(Stored data entries)
····················

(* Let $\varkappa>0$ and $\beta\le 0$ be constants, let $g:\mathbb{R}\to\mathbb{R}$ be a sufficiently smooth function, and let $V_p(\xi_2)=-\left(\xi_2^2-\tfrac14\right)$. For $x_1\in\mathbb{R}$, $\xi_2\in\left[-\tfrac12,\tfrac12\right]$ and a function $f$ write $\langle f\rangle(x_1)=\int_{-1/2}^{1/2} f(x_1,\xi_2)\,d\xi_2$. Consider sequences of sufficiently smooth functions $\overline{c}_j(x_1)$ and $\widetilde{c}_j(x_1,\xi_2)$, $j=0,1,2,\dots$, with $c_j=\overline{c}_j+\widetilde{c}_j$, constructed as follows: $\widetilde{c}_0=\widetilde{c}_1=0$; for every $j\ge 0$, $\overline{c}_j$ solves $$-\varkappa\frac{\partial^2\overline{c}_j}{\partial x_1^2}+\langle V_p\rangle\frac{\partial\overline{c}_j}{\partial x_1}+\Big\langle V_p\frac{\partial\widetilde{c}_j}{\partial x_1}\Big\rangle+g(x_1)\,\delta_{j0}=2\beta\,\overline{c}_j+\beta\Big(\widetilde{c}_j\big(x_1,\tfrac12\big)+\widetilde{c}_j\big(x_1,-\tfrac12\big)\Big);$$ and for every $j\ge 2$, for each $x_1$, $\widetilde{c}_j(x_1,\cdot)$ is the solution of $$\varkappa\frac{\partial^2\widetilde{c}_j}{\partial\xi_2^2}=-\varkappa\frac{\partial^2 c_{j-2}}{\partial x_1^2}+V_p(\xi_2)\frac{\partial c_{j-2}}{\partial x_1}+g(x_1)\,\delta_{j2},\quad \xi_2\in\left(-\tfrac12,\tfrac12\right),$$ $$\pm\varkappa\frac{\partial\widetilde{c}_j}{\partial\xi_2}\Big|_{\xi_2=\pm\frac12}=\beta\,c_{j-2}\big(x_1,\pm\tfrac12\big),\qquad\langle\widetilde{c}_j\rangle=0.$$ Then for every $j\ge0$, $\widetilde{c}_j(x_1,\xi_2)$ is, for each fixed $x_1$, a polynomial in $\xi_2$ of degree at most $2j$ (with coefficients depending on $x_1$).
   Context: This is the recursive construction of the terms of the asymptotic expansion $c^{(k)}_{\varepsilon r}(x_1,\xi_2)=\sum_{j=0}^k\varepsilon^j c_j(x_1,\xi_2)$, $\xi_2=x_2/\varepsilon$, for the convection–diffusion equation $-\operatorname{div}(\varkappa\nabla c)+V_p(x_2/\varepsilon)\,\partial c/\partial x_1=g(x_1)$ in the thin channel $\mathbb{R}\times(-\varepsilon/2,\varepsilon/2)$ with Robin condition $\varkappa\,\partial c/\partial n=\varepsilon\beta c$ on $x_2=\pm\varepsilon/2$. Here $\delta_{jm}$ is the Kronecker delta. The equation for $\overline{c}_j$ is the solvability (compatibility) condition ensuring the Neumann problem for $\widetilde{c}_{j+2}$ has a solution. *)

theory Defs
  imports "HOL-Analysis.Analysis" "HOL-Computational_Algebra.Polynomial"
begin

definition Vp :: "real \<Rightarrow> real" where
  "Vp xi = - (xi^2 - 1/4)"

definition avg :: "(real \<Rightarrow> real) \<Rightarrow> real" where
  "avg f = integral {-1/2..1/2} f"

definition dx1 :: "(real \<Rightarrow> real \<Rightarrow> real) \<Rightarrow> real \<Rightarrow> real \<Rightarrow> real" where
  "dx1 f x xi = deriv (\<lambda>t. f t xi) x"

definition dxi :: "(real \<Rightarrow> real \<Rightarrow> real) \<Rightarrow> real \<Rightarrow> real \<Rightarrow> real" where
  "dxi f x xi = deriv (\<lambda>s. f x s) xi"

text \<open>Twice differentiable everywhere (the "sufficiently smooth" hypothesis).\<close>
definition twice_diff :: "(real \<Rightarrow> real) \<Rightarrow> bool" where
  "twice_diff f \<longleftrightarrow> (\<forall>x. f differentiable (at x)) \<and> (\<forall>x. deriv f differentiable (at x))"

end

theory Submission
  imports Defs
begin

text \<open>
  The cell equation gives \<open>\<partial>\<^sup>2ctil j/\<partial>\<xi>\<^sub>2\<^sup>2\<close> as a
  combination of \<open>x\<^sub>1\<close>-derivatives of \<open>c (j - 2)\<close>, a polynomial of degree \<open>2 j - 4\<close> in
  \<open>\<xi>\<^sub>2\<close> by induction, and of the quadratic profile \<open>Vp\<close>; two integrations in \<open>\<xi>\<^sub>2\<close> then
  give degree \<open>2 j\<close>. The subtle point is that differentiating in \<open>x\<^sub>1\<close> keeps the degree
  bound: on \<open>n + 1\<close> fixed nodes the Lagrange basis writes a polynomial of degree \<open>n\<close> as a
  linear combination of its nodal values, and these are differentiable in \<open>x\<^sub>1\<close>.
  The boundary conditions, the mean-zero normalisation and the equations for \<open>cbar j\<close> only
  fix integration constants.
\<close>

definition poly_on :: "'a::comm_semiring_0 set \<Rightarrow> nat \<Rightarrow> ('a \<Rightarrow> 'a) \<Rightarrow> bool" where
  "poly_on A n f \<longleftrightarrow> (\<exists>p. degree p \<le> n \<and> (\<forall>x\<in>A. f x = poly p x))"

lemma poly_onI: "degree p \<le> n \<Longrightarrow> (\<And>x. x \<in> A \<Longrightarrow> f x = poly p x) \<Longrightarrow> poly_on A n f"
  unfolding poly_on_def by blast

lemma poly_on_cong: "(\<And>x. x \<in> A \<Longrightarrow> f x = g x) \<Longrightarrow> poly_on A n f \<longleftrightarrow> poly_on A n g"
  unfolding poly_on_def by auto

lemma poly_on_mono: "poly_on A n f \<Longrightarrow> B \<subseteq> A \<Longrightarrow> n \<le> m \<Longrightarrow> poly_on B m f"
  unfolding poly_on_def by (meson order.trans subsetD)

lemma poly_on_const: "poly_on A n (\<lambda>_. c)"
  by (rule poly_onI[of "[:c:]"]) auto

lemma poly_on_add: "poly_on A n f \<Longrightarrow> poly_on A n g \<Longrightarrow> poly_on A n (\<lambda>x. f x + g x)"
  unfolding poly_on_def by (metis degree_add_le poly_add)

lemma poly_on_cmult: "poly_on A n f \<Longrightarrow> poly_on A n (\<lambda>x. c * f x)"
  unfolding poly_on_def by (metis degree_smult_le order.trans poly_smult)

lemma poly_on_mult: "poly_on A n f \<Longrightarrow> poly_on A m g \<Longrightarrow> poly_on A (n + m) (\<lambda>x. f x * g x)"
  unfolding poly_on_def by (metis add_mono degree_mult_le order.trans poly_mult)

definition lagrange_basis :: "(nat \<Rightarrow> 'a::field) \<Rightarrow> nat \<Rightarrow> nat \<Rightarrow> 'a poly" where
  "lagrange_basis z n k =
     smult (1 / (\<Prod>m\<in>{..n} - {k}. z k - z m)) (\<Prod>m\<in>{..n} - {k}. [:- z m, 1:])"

····················

All lines carrying the word "differentiable" must be copied from the data above.

text \<open>Twice differentiable everywhere (the "sufficiently smooth" hypothesis).\<close>
  "twice_diff f \<longleftrightarrow> (\<forall>x. f differentiable (at x)) \<and> (\<forall>x. deriv f differentiable (at x))"
  linear combination of its nodal values, and these are differentiable in \<open>x\<^sub>1\<close>.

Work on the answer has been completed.